**WORK REQUIRED:** Look for the word "shows" in the data below, and copy every line that holds it.

(Saved entries)
%%

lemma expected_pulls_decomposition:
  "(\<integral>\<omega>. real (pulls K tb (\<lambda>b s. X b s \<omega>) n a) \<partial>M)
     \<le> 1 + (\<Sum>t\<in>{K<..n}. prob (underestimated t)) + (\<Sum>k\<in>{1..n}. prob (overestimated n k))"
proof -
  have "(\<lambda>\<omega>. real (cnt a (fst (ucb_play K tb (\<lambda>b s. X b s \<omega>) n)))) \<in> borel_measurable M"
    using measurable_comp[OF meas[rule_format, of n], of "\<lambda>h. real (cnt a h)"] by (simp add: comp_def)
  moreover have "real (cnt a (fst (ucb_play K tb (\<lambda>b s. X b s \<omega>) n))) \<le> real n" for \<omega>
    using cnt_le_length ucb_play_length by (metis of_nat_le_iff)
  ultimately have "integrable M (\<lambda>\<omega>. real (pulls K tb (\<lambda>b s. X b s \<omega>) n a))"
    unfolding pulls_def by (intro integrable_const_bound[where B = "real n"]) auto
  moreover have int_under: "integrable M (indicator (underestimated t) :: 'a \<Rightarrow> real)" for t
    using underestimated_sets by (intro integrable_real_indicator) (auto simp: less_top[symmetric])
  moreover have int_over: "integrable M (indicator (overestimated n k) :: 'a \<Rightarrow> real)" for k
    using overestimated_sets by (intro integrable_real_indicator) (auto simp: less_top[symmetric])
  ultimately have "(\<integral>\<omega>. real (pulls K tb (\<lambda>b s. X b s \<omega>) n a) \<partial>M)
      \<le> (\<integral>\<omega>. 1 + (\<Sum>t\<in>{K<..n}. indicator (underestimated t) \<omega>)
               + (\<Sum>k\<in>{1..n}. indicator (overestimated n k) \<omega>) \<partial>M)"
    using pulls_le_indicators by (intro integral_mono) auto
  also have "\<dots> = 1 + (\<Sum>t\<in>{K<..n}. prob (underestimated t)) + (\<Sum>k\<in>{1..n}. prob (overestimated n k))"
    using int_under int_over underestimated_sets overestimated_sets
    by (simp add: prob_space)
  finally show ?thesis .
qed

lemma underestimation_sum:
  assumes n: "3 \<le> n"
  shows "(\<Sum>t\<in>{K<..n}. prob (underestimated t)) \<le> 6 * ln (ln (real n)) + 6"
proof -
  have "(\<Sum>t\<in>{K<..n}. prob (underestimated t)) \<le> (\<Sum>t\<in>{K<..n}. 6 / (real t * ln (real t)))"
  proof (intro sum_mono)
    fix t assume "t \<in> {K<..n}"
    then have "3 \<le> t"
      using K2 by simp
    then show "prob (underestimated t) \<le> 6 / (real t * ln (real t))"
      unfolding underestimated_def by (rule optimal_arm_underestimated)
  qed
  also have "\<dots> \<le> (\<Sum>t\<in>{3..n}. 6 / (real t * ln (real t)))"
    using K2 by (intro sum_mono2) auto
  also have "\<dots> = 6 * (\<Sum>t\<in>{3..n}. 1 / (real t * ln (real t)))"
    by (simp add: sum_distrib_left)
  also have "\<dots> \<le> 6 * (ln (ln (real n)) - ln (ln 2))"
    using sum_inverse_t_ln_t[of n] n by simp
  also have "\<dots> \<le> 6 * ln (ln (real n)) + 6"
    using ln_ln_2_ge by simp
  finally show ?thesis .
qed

%%
%%

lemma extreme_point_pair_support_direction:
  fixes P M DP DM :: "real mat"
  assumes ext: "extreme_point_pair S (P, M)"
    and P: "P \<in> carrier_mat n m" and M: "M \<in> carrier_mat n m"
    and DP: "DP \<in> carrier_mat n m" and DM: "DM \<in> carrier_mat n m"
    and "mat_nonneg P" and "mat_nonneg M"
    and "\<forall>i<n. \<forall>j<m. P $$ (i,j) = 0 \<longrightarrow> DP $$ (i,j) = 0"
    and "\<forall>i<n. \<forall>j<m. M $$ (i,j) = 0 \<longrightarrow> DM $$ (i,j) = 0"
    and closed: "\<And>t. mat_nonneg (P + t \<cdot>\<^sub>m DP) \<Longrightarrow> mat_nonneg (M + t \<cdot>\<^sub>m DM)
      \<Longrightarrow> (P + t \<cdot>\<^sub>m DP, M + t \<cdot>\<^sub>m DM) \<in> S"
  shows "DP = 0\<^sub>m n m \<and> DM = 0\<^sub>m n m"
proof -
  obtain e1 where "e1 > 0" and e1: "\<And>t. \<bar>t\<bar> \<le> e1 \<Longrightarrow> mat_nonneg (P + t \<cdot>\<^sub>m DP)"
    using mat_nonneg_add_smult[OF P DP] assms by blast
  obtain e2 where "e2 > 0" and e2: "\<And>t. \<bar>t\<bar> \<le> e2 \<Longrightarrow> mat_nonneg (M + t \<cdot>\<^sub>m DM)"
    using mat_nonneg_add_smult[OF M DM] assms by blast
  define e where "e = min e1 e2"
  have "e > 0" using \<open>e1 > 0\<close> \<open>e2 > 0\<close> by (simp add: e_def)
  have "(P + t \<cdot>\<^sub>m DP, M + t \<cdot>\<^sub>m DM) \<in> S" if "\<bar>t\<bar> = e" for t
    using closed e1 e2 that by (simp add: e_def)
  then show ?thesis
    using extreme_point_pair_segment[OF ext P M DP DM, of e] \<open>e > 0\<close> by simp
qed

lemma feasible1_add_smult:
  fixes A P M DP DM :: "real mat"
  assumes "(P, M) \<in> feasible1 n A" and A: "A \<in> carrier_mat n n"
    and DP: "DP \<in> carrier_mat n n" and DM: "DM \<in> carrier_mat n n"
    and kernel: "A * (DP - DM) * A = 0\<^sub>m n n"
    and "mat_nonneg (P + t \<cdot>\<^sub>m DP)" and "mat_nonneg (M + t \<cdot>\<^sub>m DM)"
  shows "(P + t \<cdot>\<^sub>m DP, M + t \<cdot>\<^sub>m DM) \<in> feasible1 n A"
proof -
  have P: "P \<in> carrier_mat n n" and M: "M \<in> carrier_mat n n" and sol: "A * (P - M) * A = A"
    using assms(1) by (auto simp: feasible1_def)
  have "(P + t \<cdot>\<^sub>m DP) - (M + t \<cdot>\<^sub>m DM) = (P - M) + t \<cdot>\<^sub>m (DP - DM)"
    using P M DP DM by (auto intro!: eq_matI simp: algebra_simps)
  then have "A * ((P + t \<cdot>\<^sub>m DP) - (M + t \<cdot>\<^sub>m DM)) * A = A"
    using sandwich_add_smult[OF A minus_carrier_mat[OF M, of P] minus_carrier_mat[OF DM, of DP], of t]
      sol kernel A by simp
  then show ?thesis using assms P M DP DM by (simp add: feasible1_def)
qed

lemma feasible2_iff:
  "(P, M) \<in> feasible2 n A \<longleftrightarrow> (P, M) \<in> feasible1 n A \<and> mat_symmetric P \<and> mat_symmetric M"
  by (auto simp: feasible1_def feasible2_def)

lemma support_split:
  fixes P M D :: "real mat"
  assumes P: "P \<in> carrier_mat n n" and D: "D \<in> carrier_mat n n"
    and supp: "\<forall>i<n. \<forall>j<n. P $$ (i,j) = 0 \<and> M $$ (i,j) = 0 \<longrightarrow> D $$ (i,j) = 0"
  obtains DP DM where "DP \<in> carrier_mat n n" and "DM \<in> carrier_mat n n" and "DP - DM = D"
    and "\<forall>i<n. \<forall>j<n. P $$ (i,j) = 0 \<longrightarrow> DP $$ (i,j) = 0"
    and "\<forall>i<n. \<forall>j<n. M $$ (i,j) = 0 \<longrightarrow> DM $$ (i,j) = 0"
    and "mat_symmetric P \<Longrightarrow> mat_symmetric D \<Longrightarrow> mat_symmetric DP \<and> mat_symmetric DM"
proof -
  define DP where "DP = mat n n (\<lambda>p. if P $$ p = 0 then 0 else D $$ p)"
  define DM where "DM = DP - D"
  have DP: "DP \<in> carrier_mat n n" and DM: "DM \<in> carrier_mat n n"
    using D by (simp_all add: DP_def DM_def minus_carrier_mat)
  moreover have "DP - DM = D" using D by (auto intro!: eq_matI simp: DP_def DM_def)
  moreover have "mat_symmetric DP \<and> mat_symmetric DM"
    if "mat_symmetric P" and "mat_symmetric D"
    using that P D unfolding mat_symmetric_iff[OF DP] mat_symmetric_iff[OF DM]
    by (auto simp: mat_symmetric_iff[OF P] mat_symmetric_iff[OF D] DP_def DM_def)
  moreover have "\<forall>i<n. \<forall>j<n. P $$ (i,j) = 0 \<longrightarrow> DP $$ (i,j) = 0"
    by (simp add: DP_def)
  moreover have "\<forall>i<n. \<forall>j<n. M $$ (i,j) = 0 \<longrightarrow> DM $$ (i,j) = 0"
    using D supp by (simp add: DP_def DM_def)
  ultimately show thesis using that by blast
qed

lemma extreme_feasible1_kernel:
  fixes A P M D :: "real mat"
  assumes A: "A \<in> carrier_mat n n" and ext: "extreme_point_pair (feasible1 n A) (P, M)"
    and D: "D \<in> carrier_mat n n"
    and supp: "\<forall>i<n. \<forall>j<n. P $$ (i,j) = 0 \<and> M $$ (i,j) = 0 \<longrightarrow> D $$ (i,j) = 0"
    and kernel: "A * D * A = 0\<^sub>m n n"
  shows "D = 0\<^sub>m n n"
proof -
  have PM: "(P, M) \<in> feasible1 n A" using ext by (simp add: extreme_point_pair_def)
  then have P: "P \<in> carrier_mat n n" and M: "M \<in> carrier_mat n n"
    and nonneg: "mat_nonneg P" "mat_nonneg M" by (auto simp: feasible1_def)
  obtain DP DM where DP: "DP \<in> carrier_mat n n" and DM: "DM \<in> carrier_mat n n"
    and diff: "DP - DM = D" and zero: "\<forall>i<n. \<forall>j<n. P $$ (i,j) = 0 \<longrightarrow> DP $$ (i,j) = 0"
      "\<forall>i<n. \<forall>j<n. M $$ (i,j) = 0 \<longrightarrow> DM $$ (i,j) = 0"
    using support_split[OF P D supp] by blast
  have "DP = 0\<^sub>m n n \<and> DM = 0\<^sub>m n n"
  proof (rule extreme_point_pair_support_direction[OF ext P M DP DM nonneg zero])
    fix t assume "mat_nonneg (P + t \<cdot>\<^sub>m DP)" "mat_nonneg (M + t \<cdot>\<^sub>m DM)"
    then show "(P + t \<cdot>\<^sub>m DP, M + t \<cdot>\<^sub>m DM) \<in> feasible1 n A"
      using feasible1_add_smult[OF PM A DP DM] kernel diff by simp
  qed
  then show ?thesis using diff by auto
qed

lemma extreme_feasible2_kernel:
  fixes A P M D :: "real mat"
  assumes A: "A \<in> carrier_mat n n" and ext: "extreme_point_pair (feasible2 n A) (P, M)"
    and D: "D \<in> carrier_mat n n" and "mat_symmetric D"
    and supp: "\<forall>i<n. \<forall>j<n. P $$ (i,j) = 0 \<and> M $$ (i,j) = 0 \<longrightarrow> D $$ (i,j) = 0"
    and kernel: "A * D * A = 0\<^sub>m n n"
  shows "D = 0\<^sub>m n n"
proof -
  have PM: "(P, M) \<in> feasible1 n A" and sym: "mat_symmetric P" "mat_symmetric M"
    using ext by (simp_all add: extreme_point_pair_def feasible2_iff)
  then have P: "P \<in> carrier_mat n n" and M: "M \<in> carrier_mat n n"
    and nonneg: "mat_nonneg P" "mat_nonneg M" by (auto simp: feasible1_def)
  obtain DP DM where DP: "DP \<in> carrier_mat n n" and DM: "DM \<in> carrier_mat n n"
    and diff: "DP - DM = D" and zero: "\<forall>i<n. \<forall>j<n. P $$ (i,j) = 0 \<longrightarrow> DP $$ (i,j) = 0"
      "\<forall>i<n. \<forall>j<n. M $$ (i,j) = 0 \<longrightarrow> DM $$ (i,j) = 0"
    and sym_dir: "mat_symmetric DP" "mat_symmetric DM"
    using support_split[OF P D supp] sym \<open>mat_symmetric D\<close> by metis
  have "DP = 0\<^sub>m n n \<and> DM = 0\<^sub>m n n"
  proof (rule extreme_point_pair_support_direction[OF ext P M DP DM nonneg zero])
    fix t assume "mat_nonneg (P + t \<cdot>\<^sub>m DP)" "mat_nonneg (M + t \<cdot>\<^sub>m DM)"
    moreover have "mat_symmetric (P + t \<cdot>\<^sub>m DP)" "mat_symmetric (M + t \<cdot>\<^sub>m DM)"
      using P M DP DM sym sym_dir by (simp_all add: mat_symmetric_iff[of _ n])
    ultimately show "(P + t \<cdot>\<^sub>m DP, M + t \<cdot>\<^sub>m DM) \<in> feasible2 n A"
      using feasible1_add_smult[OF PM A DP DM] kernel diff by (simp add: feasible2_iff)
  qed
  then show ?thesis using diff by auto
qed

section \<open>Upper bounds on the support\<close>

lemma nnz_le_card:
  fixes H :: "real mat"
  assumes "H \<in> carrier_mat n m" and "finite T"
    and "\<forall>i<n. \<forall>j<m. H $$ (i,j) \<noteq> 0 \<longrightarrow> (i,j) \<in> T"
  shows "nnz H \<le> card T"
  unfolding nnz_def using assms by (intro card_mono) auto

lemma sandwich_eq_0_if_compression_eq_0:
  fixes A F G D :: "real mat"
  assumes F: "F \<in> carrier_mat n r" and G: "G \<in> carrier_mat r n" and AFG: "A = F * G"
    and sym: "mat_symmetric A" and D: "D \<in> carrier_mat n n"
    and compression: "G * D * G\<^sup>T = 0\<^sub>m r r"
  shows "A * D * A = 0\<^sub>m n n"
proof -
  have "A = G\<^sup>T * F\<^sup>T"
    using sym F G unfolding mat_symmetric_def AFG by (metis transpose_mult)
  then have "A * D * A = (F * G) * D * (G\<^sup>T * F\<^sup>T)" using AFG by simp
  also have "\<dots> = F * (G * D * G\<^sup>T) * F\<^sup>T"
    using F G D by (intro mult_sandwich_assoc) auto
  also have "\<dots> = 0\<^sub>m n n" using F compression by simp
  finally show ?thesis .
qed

%%

**YOUR SOLUTION:**
  shows "(\<Sum>t\<in>{K<..n}. prob (underestimated t)) \<le> 6 * ln (ln (real n)) + 6"
  shows "DP = 0\<^sub>m n m \<and> DM = 0\<^sub>m n m"
  shows "(P + t \<cdot>\<^sub>m DP, M + t \<cdot>\<^sub>m DM) \<in> feasible1 n A"
  shows "D = 0\<^sub>m n n"
  shows "D = 0\<^sub>m n n"
  shows "nnz H \<le> card T"
  shows "A * D * A = 0\<^sub>m n n"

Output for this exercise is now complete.